### YOUR OBJECTIVE
The answer is every line of the records that holds the word "elements", copied in full.

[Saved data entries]

lemma tmul_add_right:
  assumes "finite (fsupp F)" "finite (fsupp G)" "finite (fsupp G')"
  shows "tmul n w \<gamma> F (\<lambda>x. G x + G' x) = (\<lambda>x. tmul n w \<gamma> F G x + tmul n w \<gamma> F G' x)"
proof
  fix x :: "idx \<times> idx"
  show "tmul n w \<gamma> F (\<lambda>x. G x + G' x) x = tmul n w \<gamma> F G x + tmul n w \<gamma> F G' x"
    using assms fsupp_add_subset[of G G']
    by (cases x) (simp add: tmul_expand[of "fsupp F" _ "fsupp G \<union> fsupp G'"] sum.distrib[symmetric]
        algebra_simps)
qed

lemma tmul_tbasis: "tmul n w \<gamma> (tbasis p q) (tbasis p' q') = tens (bmul n w \<gamma> p p') (bmul n w \<gamma> q q')"
proof
  fix x :: "idx \<times> idx"
  show "tmul n w \<gamma> (tbasis p q) (tbasis p' q') x = tens (bmul n w \<gamma> p p') (bmul n w \<gamma> q q') x"
    by (cases x) (simp only: tmul_def fsupp_tbasis, simp add: tbasis_apply tens_def)
qed

lemma Delta_hbasis: "Delta n w \<gamma> (hbasis p) = Delta_basis n w \<gamma> p"
  by (rule ext) (simp only: Delta_def fsupp_hbasis, simp add: hbasis_def)

text \<open>For n \<ge> 2 the elements 1, g and y are themselves basis monomials.\<close>

context
  fixes n w :: nat
  assumes n_ge_2: "2 \<le> n"
begin

abbreviation "e1 \<equiv> (0::int, 0::nat, 0::nat)"
abbreviation "eg \<equiv> (0::int, 1::nat, 0::nat)"
abbreviation "ey \<equiv> (0::int, 0::nat, 1::nat)"

lemma bmul_e1_left: "valid_idx n q \<Longrightarrow> bmul n w \<gamma> e1 q = hbasis q"
  using n_ge_2 by (cases q) (simp add: bmul_def red_reduced valid_idx_def)

lemma bmul_e1_right: "valid_idx n q \<Longrightarrow> bmul n w \<gamma> q e1 = hbasis q"
  using n_ge_2 by (cases q) (simp add: bmul_def red_reduced valid_idx_def)

lemma valid_idx_e1_eg_ey: "valid_idx n e1" "valid_idx n eg" "valid_idx n ey"
  using n_ge_2 by (simp_all add: valid_idx_def)

lemma yH_eq_hbasis: "yH n w = (hbasis ey :: 'k::field helt)"
  using n_ge_2 by (simp add: yH_def red_reduced)

lemma gH_eq_hbasis: "gH n w = (hbasis eg :: 'k::field helt)"
  using n_ge_2 by (simp add: gH_def red_reduced)

lemma Delta_basis_y:
  "Delta_basis n w \<gamma> ey = (\<lambda>pq. tbasis ey eg pq + tbasis e1 ey pq :: 'k::field)"
proof -
  let ?Y = "\<lambda>pq. tbasis ey eg pq + tbasis e1 ey pq :: 'k"
  have "Delta_basis n w \<gamma> ey
      = tmul n w \<gamma> (tmul n w \<gamma> (tbasis e1 e1) (tbasis e1 e1)) (tmul n w \<gamma> ?Y (tbasis e1 e1))"
    by (simp add: Delta_basis_def tzpow_def tpow_def hone_def tbasis_def yH_eq_hbasis gH_eq_hbasis)
  also have "\<dots> = ?Y"
    by (simp only: tmul_add_left[OF finite_fsupp_tbasis finite_fsupp_tbasis finite_fsupp_tbasis]
        tmul_add_right[OF finite_fsupp_tbasis finite_fsupp_tbasis finite_fsupp_tbasis]
        tbasis_def[symmetric] tmul_tbasis bmul_e1_left bmul_e1_right valid_idx_e1_eg_ey)
  finally show ?thesis .
qed

lemma Delta_basis_1: "Delta_basis n w \<gamma> e1 = (tbasis e1 e1 :: 'k::field telt)"
proof -
  have "Delta_basis n w \<gamma> e1 = tmul n w \<gamma> (tmul n w \<gamma> (tbasis e1 e1) (tbasis e1 e1)) (tbasis e1 e1)"
    by (simp add: Delta_basis_def tzpow_def tpow_def hone_def tbasis_def)
  then show ?thesis
    by (simp only: tbasis_def[symmetric] tmul_tbasis bmul_e1_left valid_idx_e1_eg_ey)
qed

lemma Delta3_yH:
  "Delta3 n w \<gamma> (yH n w)
     = (\<lambda>t. if t = (ey, eg, eg) \<or> t = (e1, ey, eg) \<or> t = (e1, e1, ey) then 1 else 0 :: 'k::field)"
proof
  fix t :: "idx \<times> idx \<times> idx"
  obtain b1 b2 b3 where t: "t = (b1, b2, b3)"
    by (cases t)
  have supp: "fsupp (Delta_basis n w \<gamma> ey :: 'k telt) = {(ey, eg), (e1, ey)}"
    unfolding Delta_basis_y by (auto simp: fsupp_def tbasis_apply split: if_splits)
  have "Delta3 n w \<gamma> (yH n w) t
      = (\<Sum>q\<in>{(ey, eg), (e1, ey)}. if snd q = b3 then Delta_basis n w \<gamma> ey q * Delta_basis n w \<gamma> (fst q) (b1, b2) else 0)"
    unfolding t Delta3_def yH_eq_hbasis Delta_hbasis supp by simp
  also have "\<dots> = (if t = (ey, eg, eg) \<or> t = (e1, ey, eg) \<or> t = (e1, e1, ey) then 1 else 0)"
    unfolding t
    by (auto simp: Delta_basis_y Delta_basis_y[unfolded One_nat_def] Delta_basis_1 tbasis_apply)
  finally show "Delta3 n w \<gamma> (yH n w) t = (if t = (ey, eg, eg) \<or> t = (e1, ey, eg) \<or> t = (e1, e1, ey) then 1 else 0)" .
qed

lemma fsupp_Delta3_yH: "fsupp (Delta3 n w \<gamma> (yH n w) :: 'k::field t3elt) = {(ey, eg, eg), (e1, ey, eg), (e1, e1, ey)}"
  unfolding Delta3_yH by (auto simp: fsupp_def)

end

section \<open>Closed form of the elements c(k,l)\<close>

locale cc_context =
  fixes n w :: nat and \<gamma> \<beta> :: "'k::field" and r i :: int
  assumes n_pos: "0 < n" and w_pos: "0 < w" and root: "\<gamma> ^ n = 1"
begin

text \<open>Since gamma^n = 1, Q = gamma^-1 and T = gamma^i.\<close>

abbreviation Q :: 'k where "Q \<equiv> \<gamma> ^ (n - 1)"
abbreviation T :: 'k where "T \<equiv> \<gamma> ^ gpow_gexp n i"

lemma gamma_mult_Q: "\<gamma> * Q = 1"
  using root n_pos by (metis power_Suc Suc_diff_1)

lemma gamma_pow_mult_Q_pow: "\<gamma> ^ l * Q ^ l = 1"
  by (metis gamma_mult_Q power_mult_distrib power_one)

lemma inverse_gamma_pow: "inverse (\<gamma> ^ l) = Q ^ l"
  using gamma_pow_mult_Q_pow[of l] by (metis inverse_unique)

lemma Q_neq_0: "Q \<noteq> 0"
  using gamma_mult_Q by auto

lemma gamma_neq_0: "\<gamma> \<noteq> 0"
  using gamma_mult_Q by auto

lemma Q_eq_inverse: "Q = inverse \<gamma>"
  using gamma_mult_Q by (metis inverse_unique)

lemma T_eq_powi: "T = \<gamma> powi i"
proof (cases "0 \<le> i")
  case True
  then show ?thesis
    by (simp add: gpow_gexp_def power_int_nonneg_exp)
next
  case False
  then have "T = Q ^ nat (- i)"
    by (simp add: gpow_gexp_def power_mult)
  then show ?thesis
    unfolding Q_eq_inverse using False by (simp add: power_int_def power_inverse)
qed

lemma Q_pow_eq_powi: "Q ^ s = \<gamma> powi (- int s)"
  unfolding Q_eq_inverse by (simp add: power_int_minus power_inverse)

lemma gamma_pow_mult_n_minus_1: "\<gamma> ^ (b * (n - 1)) = Q ^ b"
  by (metis mult.commute power_mult)

text \<open>The normal form of x^r g^(i-k) y^b.\<close>

definition cc_monomial :: "nat \<Rightarrow> nat \<Rightarrow> 'k helt" where
  "cc_monomial k b = red n w (r + gpow_xexp w i - int w * int k) (gpow_gexp n i + (n - 1) * k) b"

lemma finite_fsupp_cc_monomial: "finite (fsupp (cc_monomial k b))"
  unfolding cc_monomial_def by (rule finite_fsupp_red[OF n_pos])

lemma cc_monomial_neq_hzero: "cc_monomial k b \<noteq> hzero"
  unfolding cc_monomial_def by (rule red_neq_hzero[OF n_pos w_pos])

lemma red_eq_cc_monomial_Suc:
  "red n w (r + gpow_xexp w i - int w * int k + - int w) (gpow_gexp n i + (n - 1) * k + (n - 1)) b
     = cc_monomial (Suc k) b"
proof -
  have "r + gpow_xexp w i - int w * int k + - int w = r + gpow_xexp w i - int w * int (Suc k)"
    by (simp add: algebra_simps)
  moreover have "gpow_gexp n i + (n - 1) * k + (n - 1) = gpow_gexp n i + (n - 1) * Suc k"
    by simp
  ultimately show ?thesis
    unfolding cc_monomial_def by (simp only:)
qed

lemma antipode_yH_eq_Q: "antipode n w \<gamma> (yH n w) = (\<lambda>d. (- Q) * red n w (- int w) (n - 1) 1 d)"
  using antipode_yH[OF n_pos root w_pos] by simp

lemma cc_monomial_mult_antipode_yH:
  "hmul n w \<gamma> (\<lambda>d. c * cc_monomial k b d) (antipode n w \<gamma> (yH n w))
     = (\<lambda>d. c * (- Q) * Q ^ b * cc_monomial (Suc k) (Suc b) d)"
  unfolding antipode_yH_eq_Q
    hmul_smult_left[OF finite_fsupp_cc_monomial finite_fsupp_smult[OF finite_fsupp_red[OF n_pos]]]
    hmul_smult_right[OF finite_fsupp_cc_monomial finite_fsupp_red[OF n_pos]]
  unfolding cc_monomial_def hmul_red[OF n_pos root] gamma_pow_mult_n_minus_1
  using red_eq_cc_monomial_Suc[of k "Suc b"] by (simp add: cc_monomial_def mult_ac)

lemma cc_monomial_mult_antipode_gH:
  "hmul n w \<gamma> (\<lambda>d. c * cc_monomial k b d) (antipode n w \<gamma> (gH n w))
     = (\<lambda>d. c * Q ^ b * cc_monomial (Suc k) b d)"
  unfolding antipode_gH[OF n_pos root] hmul_smult_left[OF finite_fsupp_cc_monomial finite_fsupp_red[OF n_pos]]
  unfolding cc_monomial_def hmul_red[OF n_pos root] gamma_pow_mult_n_minus_1
  using red_eq_cc_monomial_Suc[of k b] by (simp add: cc_monomial_def mult_ac)

lemma yH_cc_monomial_mult_antipode_gH:
  "hmul n w \<gamma> (hmul n w \<gamma> (yH n w) (\<lambda>d. c * cc_monomial k b d)) (antipode n w \<gamma> (gH n w))
     = (\<lambda>d. c * T * Q ^ k * Q ^ Suc b * cc_monomial (Suc k) (Suc b) d)"
proof -
  have "\<gamma> ^ (1 * (gpow_gexp n i + (n - 1) * k)) = T * Q ^ k"
    by (simp add: power_add power_mult)
  then have y_mult: "hmul n w \<gamma> (yH n w) (\<lambda>d. c * cc_monomial k b d)
      = (\<lambda>d. (c * T * Q ^ k) * red n w (r + gpow_xexp w i - int w * int k) (gpow_gexp n i + (n - 1) * k) (Suc b) d)"
    unfolding yH_def hmul_smult_right[OF finite_fsupp_red[OF n_pos] finite_fsupp_cc_monomial]
    unfolding cc_monomial_def hmul_red[OF n_pos root] by (simp add: mult_ac)
  show ?thesis
    unfolding y_mult antipode_gH[OF n_pos root]
      hmul_smult_left[OF finite_fsupp_red[OF n_pos] finite_fsupp_red[OF n_pos]]
      hmul_red[OF n_pos root] gamma_pow_mult_n_minus_1
    using red_eq_cc_monomial_Suc[of k "Suc b"] by (simp add: mult_ac)
qed

lemma cc_Suc:
  "cc n w \<gamma> \<beta> r i (Suc k) l =
     (if l = 0 then
        hadd (hmul n w \<gamma> (cc n w \<gamma> \<beta> r i k 0) (antipode n w \<gamma> (yH n w)))
             (hsmult \<beta> (hmul n w \<gamma> (hmul n w \<gamma> (yH n w) (cc n w \<gamma> \<beta> r i k 0)) (antipode n w \<gamma> (gH n w))))
      else if l < Suc k then
        hadd (hadd (hmul n w \<gamma> (cc n w \<gamma> \<beta> r i k l) (antipode n w \<gamma> (yH n w)))
                   (hsmult (\<beta> * Q ^ l)
                      (hmul n w \<gamma> (hmul n w \<gamma> (yH n w) (cc n w \<gamma> \<beta> r i k l)) (antipode n w \<gamma> (gH n w)))))
             (hmul n w \<gamma> (cc n w \<gamma> \<beta> r i k (l - 1)) (antipode n w \<gamma> (gH n w)))
      else if l = Suc k then hmul n w \<gamma> (cc n w \<gamma> \<beta> r i k k) (antipode n w \<gamma> (gH n w))
      else hzero)"
  by (simp only: cc.simps Let_def inverse_gamma_pow)

theorem cc_eq_cc_coeff:
  "cc n w \<gamma> \<beta> r i k l
     = (if l \<le> k then (\<lambda>d. cc_coeff Q (\<beta> * T) k l * cc_monomial k (k - l) d) else hzero)"
proof (induction k arbitrary: l)
  case 0
  have "xgH n w \<gamma> r i = cc_monomial 0 0"
    unfolding xgH_eq_red[OF n_pos root] cc_monomial_def by simp
  then show ?case
    by (simp add: cc_coeff_self)
next
  case (Suc k)
  consider "l = 0" | "0 < l" "l \<le> k" | "l = Suc k" | "Suc k < l"
    by linarith
  then show ?case
  proof cases
    case 1
    then have "cc n w \<gamma> \<beta> r i (Suc k) l
        = (\<lambda>d. cc_coeff Q (\<beta> * T) k 0 * (- Q) * Q ^ k * cc_monomial (Suc k) (Suc k) d
              + \<beta> * (cc_coeff Q (\<beta> * T) k 0 * T * Q ^ k * Q ^ Suc k * cc_monomial (Suc k) (Suc k) d))"
      unfolding cc_Suc
      by (simp add: Suc.IH cc_monomial_mult_antipode_yH yH_cc_monomial_mult_antipode_gH hadd_def hsmult_def)
    then show ?thesis
      using 1 by (simp add: cc_coeff_Suc_0 algebra_simps)
  next
    case 2
    then have k_l: "k - (l - 1) = Suc (k - l)" "Suc k - l = Suc (k - l)" "l - 1 \<le> k"
      by auto
    have "cc n w \<gamma> \<beta> r i (Suc k) l
        = (\<lambda>d. cc_coeff Q (\<beta> * T) k l * (- Q) * Q ^ (k - l) * cc_monomial (Suc k) (Suc (k - l)) d
              + \<beta> * Q ^ l * (cc_coeff Q (\<beta> * T) k l * T * Q ^ k * Q ^ Suc (k - l)
                  * cc_monomial (Suc k) (Suc (k - l)) d)
              + cc_coeff Q (\<beta> * T) k (l - 1) * Q ^ Suc (k - l) * cc_monomial (Suc k) (Suc (k - l)) d)"
      using 2 k_l unfolding cc_Suc
      by (simp add: Suc.IH cc_monomial_mult_antipode_yH yH_cc_monomial_mult_antipode_gH
          cc_monomial_mult_antipode_gH hadd_def hsmult_def)
    then show ?thesis
      using 2 k_l by (simp add: cc_coeff_Suc power_add algebra_simps)
  next
    case 3
    then show ?thesis
      using cc_monomial_mult_antipode_gH[of 1 k 0] unfolding cc_Suc by (simp add: Suc.IH cc_coeff_self)
  next
    case 4
    then show ?thesis
      unfolding cc_Suc by simp
  qed
qed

### EXERCISE RESPONSE
text \<open>For n \<ge> 2 the elements 1, g and y are themselves basis monomials.\<close>
section \<open>Closed form of the elements c(k,l)\<close>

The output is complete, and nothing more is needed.